LAHORE: The PTI Friday accepted that it had received funds from Pakistani businessman Arif Naqvi’s Wootton Cricket Ltd — a Cayman Islands-incorporated company — after a foreign publication reported that its donations were of foreign origin.
“All the records [related to those transactions] are available,” PTI Central Deputy Secretary Information Farrukh Habib told a press conference after a Financial Times report revealed that Naqvi “transferred three instalments directly to the PTI in 2013 adding up to a total of $2.12m” — which were of foreign origin.
The PTI leader said that there was no case against Naqvi or his Abraaj Group in 2012 and that the businessman had given £20 million to PML-N supremo Nawaz Sharif and his brother, Prime Minister Shehbaz Sharif, in “bribes”.

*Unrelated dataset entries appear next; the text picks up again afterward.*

theorem corollary3p9:
  fixes n s1 s2 :: nat
  assumes "n \<ge> 4" and "1 \<le> s1" and "s1 < s2" and "s2 \<le> n - 1" and "s1 + s2 \<le> n"
  shows "perfect (toeplitz_adj n ({1..n-1} - {s1, s2})) {1..n} \<longleftrightarrow>
         (even ((s1 + s2) div gcd s1 s2) \<or> (s1 + s2) div gcd s1 s2 = 3)"
proof -
  define g where "g = gcd s1 s2"
  have "g > 0" using assms(2) unfolding g_def by simp
  then obtain a b where ab: "s1 = a * g" "s2 = b * g" "coprime a b"
    using gcd_coprime_exists[of s1 s2] unfolding g_def by auto
  have "0 < a" "a < b" using ab(1,2) assms(2,3) \<open>g > 0\<close> by auto
  have "(s1 + s2) div gcd s1 s2 = a + b"
    using ab(1,2) \<open>g > 0\<close> unfolding g_def[symmetric] by (simp flip: add_mult_distrib)
  moreover have "(a + b) * g \<le> n"
    using ab(1,2) assms(5) by (simp add: add_mult_distrib)
  moreover have "perfect (toeplitz_adj n ({1..n-1} - {s1, s2})) {1..n} \<longleftrightarrow>
      perfect (graph_complement (distance_graph {a * g, b * g})) {1..n}"
    unfolding ab(1,2) by (intro perfect_cong ballI toeplitz_adj_complement_eq)
  ultimately show ?thesis
    using perfect_complement_distance_graph_iff[OF \<open>g > 0\<close> \<open>0 < a\<close> \<open>a < b\<close> \<open>coprime a b\<close>] by simp
qed

end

In his press conference Friday, Farrukh Habib said that a “media trial” is conducted against the party every now and then related to foreign funding.
“The case against PTI is not related to foreign funding, rather it is of prohibited funding […] foreign funds are used for working against an incumbent government; that’s not the case here,” he said.
He said that his party laid the foundation of funding in Pakistan. He added that overseas Pakistanis send $32 billion annually to the country and they also donate them to PTI.
He reiterated that the verdicts of PTI, PPP, and PML-N’s foreign funding cases be issued on the same date as he demanded that the ECP demonstrate responsible behaviour.
The PTI leader claimed that the PML-N hid 112 accounts from the election commission, PPP hid 11 and did not give records of Rs3.6 million to the ECP.